[Dataset entries]
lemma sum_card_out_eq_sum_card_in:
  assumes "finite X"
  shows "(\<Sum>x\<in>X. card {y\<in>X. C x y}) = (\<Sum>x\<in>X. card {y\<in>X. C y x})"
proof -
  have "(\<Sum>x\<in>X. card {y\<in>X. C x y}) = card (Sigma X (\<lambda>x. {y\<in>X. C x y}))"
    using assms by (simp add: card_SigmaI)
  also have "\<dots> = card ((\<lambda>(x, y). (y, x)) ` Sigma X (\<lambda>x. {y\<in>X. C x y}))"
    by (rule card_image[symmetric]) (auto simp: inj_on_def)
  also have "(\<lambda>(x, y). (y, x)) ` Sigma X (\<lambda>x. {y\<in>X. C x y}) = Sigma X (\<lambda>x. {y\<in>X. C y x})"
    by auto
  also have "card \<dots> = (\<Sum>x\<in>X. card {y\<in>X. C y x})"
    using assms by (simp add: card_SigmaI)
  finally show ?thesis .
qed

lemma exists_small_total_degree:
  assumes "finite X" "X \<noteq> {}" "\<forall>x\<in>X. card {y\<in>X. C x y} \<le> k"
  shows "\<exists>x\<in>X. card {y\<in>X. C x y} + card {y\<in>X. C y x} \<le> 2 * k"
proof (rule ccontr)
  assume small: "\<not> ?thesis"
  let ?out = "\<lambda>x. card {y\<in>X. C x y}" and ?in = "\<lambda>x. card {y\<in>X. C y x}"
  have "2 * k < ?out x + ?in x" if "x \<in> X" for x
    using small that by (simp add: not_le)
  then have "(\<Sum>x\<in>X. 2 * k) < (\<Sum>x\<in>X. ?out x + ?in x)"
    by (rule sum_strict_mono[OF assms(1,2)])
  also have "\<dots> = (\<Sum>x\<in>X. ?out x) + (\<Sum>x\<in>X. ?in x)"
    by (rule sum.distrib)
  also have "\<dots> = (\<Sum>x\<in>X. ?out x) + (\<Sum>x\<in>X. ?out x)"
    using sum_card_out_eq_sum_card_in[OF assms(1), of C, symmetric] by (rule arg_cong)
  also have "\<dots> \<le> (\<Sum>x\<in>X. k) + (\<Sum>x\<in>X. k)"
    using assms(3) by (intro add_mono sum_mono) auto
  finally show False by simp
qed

PROMPT:
Set down the records above once more, exactly as given.

ANSWER BELOW:
lemma sum_card_out_eq_sum_card_in:
  assumes "finite X"
  shows "(\<Sum>x\<in>X. card {y\<in>X. C x y}) = (\<Sum>x\<in>X. card {y\<in>X. C y x})"
proof -
  have "(\<Sum>x\<in>X. card {y\<in>X. C x y}) = card (Sigma X (\<lambda>x. {y\<in>X. C x y}))"
    using assms by (simp add: card_SigmaI)
  also have "\<dots> = card ((\<lambda>(x, y). (y, x)) ` Sigma X (\<lambda>x. {y\<in>X. C x y}))"
    by (rule card_image[symmetric]) (auto simp: inj_on_def)
  also have "(\<lambda>(x, y). (y, x)) ` Sigma X (\<lambda>x. {y\<in>X. C x y}) = Sigma X (\<lambda>x. {y\<in>X. C y x})"
    by auto
  also have "card \<dots> = (\<Sum>x\<in>X. card {y\<in>X. C y x})"
    using assms by (simp add: card_SigmaI)
  finally show ?thesis .
qed

lemma exists_small_total_degree:
  assumes "finite X" "X \<noteq> {}" "\<forall>x\<in>X. card {y\<in>X. C x y} \<le> k"
  shows "\<exists>x\<in>X. card {y\<in>X. C x y} + card {y\<in>X. C y x} \<le> 2 * k"
proof (rule ccontr)
  assume small: "\<not> ?thesis"
  let ?out = "\<lambda>x. card {y\<in>X. C x y}" and ?in = "\<lambda>x. card {y\<in>X. C y x}"
  have "2 * k < ?out x + ?in x" if "x \<in> X" for x
    using small that by (simp add: not_le)
  then have "(\<Sum>x\<in>X. 2 * k) < (\<Sum>x\<in>X. ?out x + ?in x)"
    by (rule sum_strict_mono[OF assms(1,2)])
  also have "\<dots> = (\<Sum>x\<in>X. ?out x) + (\<Sum>x\<in>X. ?in x)"
    by (rule sum.distrib)
  also have "\<dots> = (\<Sum>x\<in>X. ?out x) + (\<Sum>x\<in>X. ?out x)"
    using sum_card_out_eq_sum_card_in[OF assms(1), of C, symmetric] by (rule arg_cong)
  also have "\<dots> \<le> (\<Sum>x\<in>X. k) + (\<Sum>x\<in>X. k)"
    using assms(3) by (intro add_mono sum_mono) auto
  finally show False by simp
qed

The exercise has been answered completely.